Julia Thiel looks at the cocktails-around-the-world approach of Arbella, from the Tanta parent company: “The focus is on classic cocktails, and the menu provides brief histories of ones that patrons might be unfamiliar with: the recipe for the Airmail, for example, was apparently first printed in a Bacardi pamphlet in 1930s Cuba, celebrating the ‘modern achievement’ of plane-delivered letters and packages. Other drinks, though, are more contemporary, playful, or just puzzling, as is the case with the Bridge and Tunnel, a concoction of vodka, rosé, and celery bitters.
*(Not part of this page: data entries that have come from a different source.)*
lemma monotone_minus_log_crossing:
  fixes G :: "real \<Rightarrow> real"
  assumes mono: "\<And>r t. 0 < r \<Longrightarrow> r \<le> t \<Longrightarrow> G r \<le> G t"
    and "0 < a" "a \<le> b" and pos: "0 < G a - \<tau> * ln a" and neg: "G b - \<tau> * ln b < 0"
    and "0 < \<epsilon>"
  shows "\<exists>r\<in>{a..b}. \<bar>G r - \<tau> * ln r\<bar> \<le> \<epsilon>"
proof (rule ccontr)
  assume no_crossing: "\<not> (\<exists>r\<in>{a..b}. \<bar>G r - \<tau> * ln r\<bar> \<le> \<epsilon>)"
  define \<phi> where "\<phi> r = G r - \<tau> * ln r" for r
  have far: "\<epsilon> < \<bar>\<phi> r\<bar>" if "r \<in> {a..b}" for r
    using no_crossing that unfolding \<phi>_def by (meson not_le)
  have gap: "0 \<le> ln b - ln a" using assms(2,3) by simp
  obtain N :: nat where N: "\<bar>\<tau>\<bar> * (ln b - ln a) / \<epsilon> < N"
    using reals_Archimedean2 by blast
  have "0 < real N"
    using N gap \<open>0 < \<epsilon>\<close> by (smt (verit) divide_nonneg_pos mult_nonneg_nonneg abs_ge_zero)
  define d where "d = (ln b - ln a) / N"
  define x where "x k = exp (ln a + k * d)" for k :: nat
  have step: "\<bar>\<tau>\<bar> * d < \<epsilon>"
    using N \<open>0 < real N\<close> \<open>0 < \<epsilon>\<close> by (simp add: d_def field_simps)
  have ln_x: "ln (x k) = ln a + k * d" for k by (simp add: x_def)
  have x_pos: "0 < x k" for k by (simp add: x_def)
  have "0 \<le> d" using gap by (simp add: d_def)
  have x_mono: "x k \<le> x (Suc k)" for k
    using \<open>0 \<le> d\<close> by (simp add: x_def algebra_simps)
  have x_in: "x k \<in> {a..b}" if "k \<le> N" for k
  proof -
    have "0 \<le> k * d" "k * d \<le> N * d"
      using that \<open>0 \<le> d\<close> by (auto intro: mult_right_mono)
    moreover have "N * d = ln b - ln a" using \<open>0 < real N\<close> by (simp add: d_def)
    ultimately have "ln a \<le> ln (x k)" "ln (x k) \<le> ln b" by (simp_all add: ln_x)
    then show ?thesis using assms(2,3) x_pos[of k] by simp
  qed
  have above: "\<epsilon> < \<phi> (x k)" if "k \<le> N" for k
    using that
  proof (induction k)
    case 0
    have "x 0 = a" using assms(2) by (simp add: x_def)
    then show ?case using pos far[of a] assms(3) by (simp add: \<phi>_def abs_of_pos)
  next
    case (Suc k)
    \<comment> \<open>G only jumps upwards, so \<phi> drops by at most \<bar>\<tau>\<bar> d between grid points.\<close>
    have "\<phi> (x k) - \<bar>\<tau>\<bar> * d \<le> \<phi> (x (Suc k))"
      using minus_log_drop_le[OF mono[OF x_pos x_mono] x_pos x_mono, of k \<tau>]
      by (simp add: \<phi>_def ln_x algebra_simps)
    then have "0 < \<phi> (x (Suc k))" using Suc step by simp
    then show ?case using far[OF x_in[OF Suc.prems]] by simp
  qed
  moreover have "x N = b"
    using \<open>0 < real N\<close> assms(2,3) by (simp add: x_def d_def)
  ultimately show False using above[of N] neg \<open>0 < \<epsilon>\<close> by (simp add: \<phi>_def)
qed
The Old School is peanut butter-infused bourbon with jelly ice.”
TOFU OR NOT TOFU
I’ve seen Phoenix Bean Tofu at Andersonville’s farmer’s market, but Greg Trotter has the story behind the 35-year-old Edgewater business and owner Jenny Yang, as it prepares to enter mainstream grocery chains and produce 2.5 million pounds of tofu a year. (Tribune)
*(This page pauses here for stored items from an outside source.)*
(* For all integers $r$ and all $k\in\{0,1,2,3\}$, the space $\mathcal P_r\Lambda^k(T^3)$ has a basis that is $S_4$-invariant up to sign.
   Context: $T^3\subset\mathbb R^4$ is the standard simplex $\{\lambda_i\ge0,\ \sum\lambda_i=1\}$. $\mathcal P_r\Lambda^k(T^3)$ is the space of restrictions to $T^3$ of $k$-forms on $\mathbb R^4$ with polynomial coefficients of degree at most $r$ (zero if $r<0$). $S_4$ acts by pullback: for $\pi\in S_4$, $S_\pi(\lambda_0,\dots,\lambda_3)=(\lambda_{\pi(0)},\dots,\lambda_{\pi(3)})$ and $\pi$ acts by $S_\pi^*$. A basis is invariant up to sign if every group element maps each basis element to plus or minus a basis element. *)

theory Defs
  imports "HOL-Analysis.Analysis" "HOL-Library.Function_Algebras"
begin

text \<open>Points of R^4 are vectors in real^4; coordinates lambda_0..lambda_3 are indexed by the type 4.\<close>

definition T3 :: "(real^4) set" where
  "T3 = {x. (\<forall>i. 0 \<le> x $ i) \<and> (\<Sum>i\<in>UNIV. x $ i) = 1}"

text \<open>Tangent space of T3 (direction of its affine hull).\<close>
definition tangentV :: "(real^4) set" where
  "tangentV = {v. (\<Sum>i\<in>UNIV. v $ i) = 0}"

text \<open>Polynomial functions on R^4 of total degree at most r (the zero function if r < 0).\<close>
definition poly_fun :: "int \<Rightarrow> (real^4 \<Rightarrow> real) \<Rightarrow> bool" where
  "poly_fun r p \<longleftrightarrow> (\<exists>c :: (4 \<Rightarrow> nat) \<Rightarrow> real.
      p = (\<lambda>x. \<Sum>\<alpha>\<in>{\<alpha> :: 4 \<Rightarrow> nat. int (sum \<alpha> UNIV) \<le> r}.
                 c \<alpha> * (\<Prod>i\<in>UNIV. (x $ i) ^ (\<alpha> i))))"

text \<open>Value of d lambda_{s 0} wedge ... wedge d lambda_{s (k-1)} on the vectors vs 0, ..., vs (k-1):
  the determinant of the k x k matrix (vs j) $ (s i).\<close>
definition wedge_dl :: "nat \<Rightarrow> (nat \<Rightarrow> 4) \<Rightarrow> (nat \<Rightarrow> real^4) \<Rightarrow> real" where
  "wedge_dl k s vs = (\<Sum>\<tau> | \<tau> permutes {..<k}. of_int (sign \<tau>) * (\<Prod>i<k. vs (\<tau> i) $ s i))"

text \<open>The k-form sum_s p_s(x) d lambda_s on R^4, evaluated at x on vectors vs.\<close>
definition form_eval :: "nat \<Rightarrow> ((nat \<Rightarrow> 4) \<Rightarrow> real^4 \<Rightarrow> real) \<Rightarrow> real^4 \<Rightarrow> (nat \<Rightarrow> real^4) \<Rightarrow> real" where
  "form_eval k p x vs = (\<Sum>s\<in>PiE {..<k} (\<lambda>_. UNIV). p s x * wedge_dl k s vs)"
You hear about restaurant marriage proposals, but I’ve never read an article about them before, so Janet Rausa Fuller’s article on the do’s and don’ts of popping the question between courses is a fun read. Not that I expect to use any of the advice here, dear!
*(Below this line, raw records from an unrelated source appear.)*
text \<open>
  phi is the entry at index 1 of the sorted list of costs; when the list has fewer than two
  entries this index is out of range, hence the hypothesis of two distinct responses.
\<close>

lemma phi_second_smallest:
  fixes cost :: "'x \<Rightarrow> 'y::finite \<Rightarrow> real"
  assumes "y1 \<noteq> y2"
  shows "phi cost x \<in> range (cost x)" and "phi cost x \<le> max (cost x y1) (cost x y2)"
proof -
  define L where "L = sorted_list_of_multiset (image_mset (cost x) (mset_set (UNIV::'y set)))"
  have "{#y1, y2#} \<subseteq># mset_set (UNIV::'y set)"
    unfolding subseteq_mset_def using assms by (auto simp: count_mset_set')
  then have sub: "{#cost x y1, cost x y2#} \<subseteq># mset L"
    unfolding L_def using image_mset_subseteq_mono by fastforce
  then have "length L \<ge> 2" using size_mset_mono[OF sub] by simp
  then obtain a b rest where L: "L = a # b # rest"
    by (metis One_nat_def Suc_1 Suc_le_length_iff)
  have phi: "phi cost x = b" unfolding phi_def L_def[symmetric] L by simp
  have "b \<in> set L" using L by simp
  then show "phi cost x \<in> range (cost x)" unfolding phi L_def by auto
  show "phi cost x \<le> max (cost x y1) (cost x y2)"
  proof (rule ccontr)
    assume "\<not> ?thesis"
    then have big: "\<forall>v\<in>set (b # rest). v > max (cost x y1) (cost x y2)"
      using phi L sorted_sorted_list_of_multiset[of "image_mset (cost x) (mset_set UNIV)"]
      unfolding L_def[symmetric] by auto
    have "cost x y1 \<in># mset L" "cost x y2 \<in># mset L" using sub by (auto dest: mset_subset_eqD)
    then have "cost x y1 = a" "cost x y2 = a" using big L by auto
    then have "count (mset L) a \<ge> 2"
      using mset_subset_eq_count[OF sub, of a] by simp
    moreover have "a \<notin> set (b # rest)" using big \<open>cost x y1 = a\<close> by force
    then have "count (mset L) a = 1" using L by (simp add: count_eq_zero_iff)
    ultimately show False by simp
  qed
qed

lemma cost_le_rcost_mul:
  fixes cost :: "'x::finite \<Rightarrow> 'y::finite \<Rightarrow> real"
  assumes "card Y \<ge> 2" "\<And>x y. cost x y > 0"
  obtains y' where "y' \<in> Y" "cost x z \<le> rcost cost * cost x y'"
proof -
  have Y: "finite Y" "Y \<noteq> {}" using assms(1) by auto
  have "Max (cost x ` Y) \<in> cost x ` Y" using Y by (intro Max_in) auto
  then obtain y' where y': "y' \<in> Y" "cost x y' = Max (cost x ` Y)" by auto
  then have costliest: "cost x y \<le> cost x y'" if "y \<in> Y" for y
    using that Y(1) by simp
  have "\<not> card Y \<le> Suc 0" using assms(1) by simp
  then obtain y1 y2 where "y1 \<in> Y" "y2 \<in> Y" "y1 \<noteq> y2"
    using card_le_Suc0_iff_eq[OF Y(1)] by blast
  then have "phi cost x \<le> max (cost x y1) (cost x y2)" "phi cost x \<in> range (cost x)"
    by (simp_all add: phi_second_smallest)
  moreover have "max (cost x y1) (cost x y2) \<le> cost x y'"
    using costliest \<open>y1 \<in> Y\<close> \<open>y2 \<in> Y\<close> by simp
  ultimately have "phi cost x \<le> cost x y'" "phi cost x \<in> range (cost x)" by auto
  then have phi_pos: "phi cost x > 0" using assms(2) by auto
  have ratio: "cost x z / phi cost x \<le> rcost cost"
    unfolding rcost_def by (intro Max_ge) auto
  moreover have "0 < cost x z / phi cost x" using phi_pos assms(2) by simp
  ultimately have "rcost cost \<ge> 0" by linarith
  have "cost x z \<le> rcost cost * phi cost x"
    using ratio phi_pos by (simp add: divide_le_eq mult.commute)
  also have "\<dots> \<le> rcost cost * cost x y'"
    using \<open>phi cost x \<le> cost x y'\<close> \<open>rcost cost \<ge> 0\<close> by (rule mult_left_mono)
  finally show thesis using that y'(1) by blast
qed

definition response_cost_bound ::
    "('x \<Rightarrow> 'y) set \<Rightarrow> ('x \<Rightarrow> 'y \<Rightarrow> real) \<Rightarrow> ('x, 'y) alg \<Rightarrow> real \<Rightarrow> bool" where
  "response_cost_bound H cost A \<gamma> \<longleftrightarrow> (\<forall>h\<in>H. \<forall>t x. A (run A h t) = Some x \<longrightarrow>
      (\<forall>y. \<exists>y'\<in>resp H x (run A h t). cost x y \<le> \<gamma> * cost x y'))"

lemma response_cost_bound_Rcost:
  assumes "\<And>x y. cost x y > 0"
  shows "response_cost_bound H cost A (Rcost cost)"
  unfolding response_cost_bound_def
proof (intro ballI allI impI)
  fix h t x y assume "h \<in> H"
  then have "h x \<in> resp H x (run A h t)" unfolding resp_def using in_vs_run by blast
  then show "\<exists>y'\<in>resp H x (run A h t). cost x y \<le> Rcost cost * cost x y'"
    using cost_le_Rcost_mul[where cost = cost, OF assms] by blast
qed

lemma response_cost_bound_rcost:
  assumes "bifurcating H A" "\<And>x y. cost x y > 0"
  shows "response_cost_bound H cost A (rcost cost)"
  unfolding response_cost_bound_def
proof (intro ballI allI impI)
  fix h t x y assume "h \<in> H" "A (run A h t) = Some x"
  then have "card (resp H x (run A h t)) \<ge> 2" using assms(1) unfolding bifurcating_def by blast
  then obtain y' where "y' \<in> resp H x (run A h t)" "cost x y \<le> rcost cost * cost x y'"
    using cost_le_rcost_mul[where cost = cost, OF _ assms(2)] by blast
  then show "\<exists>y'\<in>resp H x (run A h t). cost x y \<le> rcost cost * cost x y'" by blast
qed

lemma response_cost_bound_ge_one:
  fixes cost :: "'x \<Rightarrow> 'y::finite \<Rightarrow> real"
  assumes "response_cost_bound H cost A \<gamma>" "h \<in> H" "A (run A h t) = Some x"
    "\<And>x y. cost x y > 0"
  shows "\<gamma> \<ge> 1"
  using assms(1-3) unfolding response_cost_bound_def
  by (intro cost_ratio_bound_ge_one[where cost = cost and x = x, OF _ assms(4)]) blast

section \<open>Submodular covering\<close>

lemma min_submodular_le_sum_singletons:
  assumes "finite T" "\<And>S. f S \<ge> 0" "submodular f" "f {} = 0" "Q \<ge> 0"
  shows "min (f T) Q \<le> (\<Sum>z\<in>T. min (f {z}) Q)"
  using assms(1)
proof (induction T rule: finite_induct)
  case (insert z T)
  have "f (insert z T) - f T \<le> f (insert z {}) - f {}"
    using assms(3) insert(2) unfolding submodular_def by blast
  then have "min (f (insert z T)) Q \<le> min (f T) Q + min (f {z}) Q"
    using assms(2)[of T] assms(2)[of "{z}"] assms(4,5) by linarith
  then show ?case using insert by simp
qed (use assms in simp)

lemma efficient_element_of_cheap_goal_set:
  assumes "finite T" "Q \<le> f T" "costS cost T \<le> K" "Q > 0"
    "\<And>S. f S \<ge> 0" "submodular f" "f {} = 0" "\<And>x y. cost x y > 0"
  shows "\<exists>(x, y)\<in>T. Q / K \<le> min (f {(x, y)}) Q / cost x y"
proof (rule ccontr)
  assume "\<not> ?thesis"
  then have "min (f {(x, y)}) Q / cost x y < Q / K" if "(x, y) \<in> T" for x y
    using that by fastforce
  then have small: "min (f {(x, y)}) Q < Q / K * cost x y" if "(x, y) \<in> T" for x y
    using that assms(8)[of x y] by (metis pos_divide_less_eq)
  have "T \<noteq> {}" using assms(2,4,7) by auto
  then have "0 < costS cost T"
    unfolding costS_def using assms(1,8) by (intro sum_pos) auto
  then have "K > 0" using assms(3) by simp
  have "Q \<le> (\<Sum>z\<in>T. min (f {z}) Q)"
    using min_submodular_le_sum_singletons[of T f Q] assms by force
  also have "\<dots> < (\<Sum>(x, y)\<in>T. Q / K * cost x y)"
    using small \<open>T \<noteq> {}\<close> assms(1) by (intro sum_strict_mono) auto
  also have "\<dots> = Q / K * costS cost T"
    unfolding costS_def by (simp add: sum_distrib_left case_prod_beta)
  also have "\<dots> \<le> Q / K * K"
    using assms(3,4) \<open>K > 0\<close> by (intro mult_left_mono) auto
  finally show False using \<open>K > 0\<close> by simp
qed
Anthony Todd makes some good arguments for why cash-only restaurants should go away, but the real fun comes when a zillion Chicagoist commenters come on to tell him why he’s evil and entitled for… telling restaurants and bar how they can get him to spend more at their place, basically. You monster!
RELISH THE THOUGHT
Beginning with a fond remembrance of Elmwood Park Outfit joint Horwath’s (“This throwback restaurant, with a huge neon martini glass on its outside signage, was a respite, a totally non-challenging environment, a comforting, completely unpretentious place to unwind, relax and feel at home with tables of my fellow Italian-American goombahs”), David Hammond takes a road trip to three Milwaukee supper clubs. You should too! (New City)
WHAT MIKE ATE
A really good goat cheese-red pepper tamale from Dia de los Tamales at the Taste of Chicago while recording Fooditor Radio. The popups and food trucks have hugely improved your prospects of having decent food at the Taste.
And I went to Thurk, an underground dining thing (held at Elizabeth, where chef Justin Behlke works on special projects). The most strongly vegetable focused tasting menu I’ve ever had—and, not coincidentally, very different from the usual tasting menu progression as a result. A real eye opener for someone like me, who tends to see vegetables as something to fill in odd spaces on the plate not occupied by pork. (I exaggerate slightly.)